Create an Histogram
create_histogram.RdThis function creates a histogram for survey data. It handles raw (unaggregated) data, counting the occurences of categories, supporting ordered factors, allowing numerical x-axis variables to be binned into custom groups, and enables renaming of categorical values for display. It can also handle SPSS (.sav) columns automatically.
Usage
create_histogram(
data,
x_var,
y_var = NULL,
title = NULL,
subtitle = NULL,
x_label = NULL,
y_label = NULL,
histogram_type = c("count", "percent"),
tooltip_prefix = "",
tooltip_suffix = "",
x_tooltip_suffix = "",
bins = NULL,
bin_breaks = NULL,
bin_labels = NULL,
include_na = FALSE,
na_label = "(Missing)",
color_palette = NULL,
x_map_values = NULL,
x_order = NULL,
weight_var = NULL
)Arguments
- data
A data frame containing the variable to plot.
- x_var
String.
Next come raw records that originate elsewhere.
(* Let $G$ be a pseudo-Boolean formula and $\omega$ a substitution with $\mathrm{supp}(\omega)\subseteq\mathrm{var}(G)$. Let $\vec a$ be a list of variables with $\vec a\cap\mathrm{var}(G)=\emptyset$, let $\vec z$ be a list of $n$ variables disjoint from $\vec a$, and let $\mathcal{O}(\vec u,\vec v,\vec a)$, $\mathcal{S}(\vec u,\vec v,\vec a)$ be formulas such that $\mathcal{S}$ is a specification over $\vec a$ and the relation $\preceq$ defined by $\mathcal{O}$ and $\mathcal{S}$ is a preorder. Then: 1. If $G\cup\mathcal{S}(\vec z{\upharpoonright}_\omega,\vec z,\vec a)\vdash\mathcal{O}(\vec z{\upharpoonright}_\omega,\vec z,\vec a)$, then for each assignment $\alpha$ satisfying $G$, $\alpha\circ\omega\preceq\alpha$ holds. 2. If $G\cup\mathcal{S}(\vec z,\vec z{\upharpoonright}_\omega,\vec a)\cup\mathcal{O}(\vec z,\vec z{\upharpoonright}_\omega,\vec a)\vdash\bot$, then for each assignment $\alpha$ satisfying $G$, $\alpha\not\preceq\alpha\circ\omega$ holds.
   Context: A literal is $x$ or $\bar x=1-x$; a PB constraint is $\sum_i a_i\ell_i\ge A$; a formula is a set of PB constraints; $\bot$ is $0\ge1$; $\mathrm{var}(G)$ is the set of variables of $G$. A substitution $\omega$ maps variables to $0,1$ or literals, extended by $\omega(\bar x)=\overline{\omega(x)}$; $\mathrm{supp}(\omega)=\{x:\omega(x)\ne x\}$; $\vec z{\upharpoonright}_\omega=\omega(z_1),\dots,\omega(z_n)$; $(\alpha\circ\omega)(x)=\alpha(\omega(x))$. For a formula $F(\vec u,\vec v,\vec a)$, $F(\vec w,\vec w',\vec a)$ denotes substitution of $\vec w,\vec w'$ for $\vec u,\vec v$. $\vdash$ denotes cutting planes derivability (sound). Assignments are total on the non-auxiliary variables under consideration (including $\vec z$ and $\mathrm{var}(G)$) and need not assign $\vec a$. A formula $\mathcal{S}(\vec x,\vec a)=\{C_1,\dots,C_m\}$ is a specification over $\vec a$ if there are substitutions $\omega_i$ with $\mathrm{supp}(\omega_i)\subseteq\vec a$ such that $\{C_1,\dots,C_{i-1},\neg C_i\}\vdash\{C_1{\upharpoonright}_{\omega_i},\dots,C_i{\upharpoonright}_{\omega_i}\}$ for each $i$, where $\neg(\sum a_i\ell_i\ge A)$ is $\sum a_i\bar\ell_i\ge\sum a_i-A+1$. The relation $\preceq$ defined by $\mathcal{O},\mathcal{S}$ on assignments $\alpha,\beta$: $\alpha\preceq\beta$ iff there is an assignment $\rho$ to $\vec a$ such that $\mathcal{S}(\vec z{\upharpoonright}_\alpha,\vec z{\upharpoonright}_\beta,\vec a{\upharpoonright}_\rho)\wedge\mathcal{O}(\vec z{\upharpoonright}_\alpha,\vec z{\upharpoonright}_\beta,\vec a{\upharpoonright}_\rho)$ is true. *)

theory Defs
  imports Main
begin

datatype 'v lit = Pos 'v | Neg 'v

text \<open>Values a substitution may assign to a variable: a constant 0/1 or a literal.\<close>
datatype 'v sval = Cst bool | Lt "'v lit"

text \<open>A PB constraint  sum_i a_i l_i >= A  is a list of (coefficient, literal) pairs and a bound.\<close>
type_synonym 'v pbc = "(int \<times> 'v lit) list \<times> int"
type_synonym 'v formula = "'v pbc set"
type_synonym 'v subst = "'v \<Rightarrow> 'v sval"
type_synonym 'v assignment = "'v \<Rightarrow> bool"

fun lit_var :: "'v lit \<Rightarrow> 'v" where
  "lit_var (Pos x) = x" | "lit_var (Neg x) = x"

fun neg_lit :: "'v lit \<Rightarrow> 'v lit" where
  "neg_lit (Pos x) = Neg x" | "neg_lit (Neg x) = Pos x"

fun lit_val :: "'v assignment \<Rightarrow> 'v lit \<Rightarrow> bool" where
  "lit_val \<alpha> (Pos x) = \<alpha> x" | "lit_val \<alpha> (Neg x) = (\<not> \<alpha> x)"

definition sat_pbc :: "'v assignment \<Rightarrow> 'v pbc \<Rightarrow> bool" where
  "sat_pbc \<alpha> C = ((\<Sum>(c, l) \<leftarrow> fst C. c * of_bool (lit_val \<alpha> l)) \<ge> snd C)"

definition sat :: "'v assignment \<Rightarrow> 'v formula \<Rightarrow> bool" where
  "sat \<alpha> F = (\<forall>C\<in>F. sat_pbc \<alpha> C)"

definition vars_pbc :: "'v pbc \<Rightarrow> 'v set" where
  "vars_pbc C = lit_var ` snd ` set (fst C)"

definition vars :: "'v formula \<Rightarrow> 'v set" where
  "vars F = (\<Union>C\<in>F. vars_pbc C)"

definition bot_pbc :: "'v pbc" where
  "bot_pbc = ([], 1)"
Name of the column to histogram (numeric or categorical).
- y_var
Optional string. Name of a pre-computed count column. If supplied, the function skips counting and uses this column as y.
- title
Optional string. Main chart title.
- subtitle
Optional string. Chart subtitle.
- x_label
Optional string. X-axis label. Defaults to
x_var.- y_label
Optional string. Y-axis label. Defaults to "Count" or "Percentage".
- histogram_type
One of "count" or "percent". Default "count".
- tooltip_prefix
Optional string prepended in the tooltip.
- tooltip_suffix
Optional string appended in the tooltip.
- x_tooltip_suffix
Optional string appended to x value in tooltip.
- bins
Optional integer. Number of bins to compute via
hist().- bin_breaks
Optional numeric vector of cut points.
- bin_labels
Optional character vector of labels for the bins. Must be length
length(breaks)-1.- include_na
Logical. If TRUE, NA values are shown as explicit categories in the visualization. If FALSE (default), rows with NA in the x variable are excluded. Default FALSE.
- na_label
String. Label to display for NA values when
include_na = TRUE. Default "(Missing)".- color_palette
Optional string or vector of colors for the bars.
- x_map_values
Optional named list to recode raw
x_varvalues before binning (e.g.,list("1" = "Male", "2" = "Female")).- x_order
Optional character vector to order the factor levels of the binned variable.
- weight_var
Optional string. Name of a weight variable to use for weighted aggregation. When provided, counts are computed as the sum of weights instead of simple counts.
Details
This function performs the following steps:
Input validation: Checks that
datais a data frame andx_var(andy_varif given) exist.Haven-labelled handling: If
x_varis of class"haven_labelled", converts it to numeric.Value mapping: If
x_map_valuesis provided, recodes raw values before any binning.Binning:
If
binsis set (andbin_breaksisNULL), computes breaks viahist().If
bin_breaksis provided, cutsx_varinto categories, usingbin_labelsif supplied.Otherwise uses the raw
x_varvalues.
Factor and NA handling: Converts the plotting variable to a factor; if
include_na = TRUE, adds an explicit "(NA)" level. Appliesx_orderif given.Aggregation:
If
y_varisNULL, counts occurrences of each factor level.Otherwise renames
y_vartonand skips counting.
Chart construction: Builds a
highchartercolumn chart ofnvs. the factor levels.Customization:
Applies
title,subtitle, axis labels.Sets stacking mode (for percent vs. count), data labels format.
Defines a JS
tooltip.formatterusingtooltip_prefix,tooltip_suffix, andx_tooltip_suffix.Applies custom
colorif provided.
Examples
#We will work with data from the GSS. The GSS dataset (`gssr`) is a dependency of
#our `dashboardr` package.
data(gss_panel20)
#> Warning: data set ‘gss_panel20’ not found
# Example 1: Basic histogram of age distribution
plot1 <- create_histogram(
data = gss_panel20,
x_var = "age",
title = "Age Distribution in GSS Data (2010+)",
subtitle = "General Social Survey respondents",
x_label = "Age (years)",
y_label = "Number of Respondents",
bins = 15,
color_palette = "steelblue"
)
#> Error: object 'gss_panel20' not found
plot1
#> Error: object 'plot1' not found
# Example 2: Education levels with custom labels (excluding NAs)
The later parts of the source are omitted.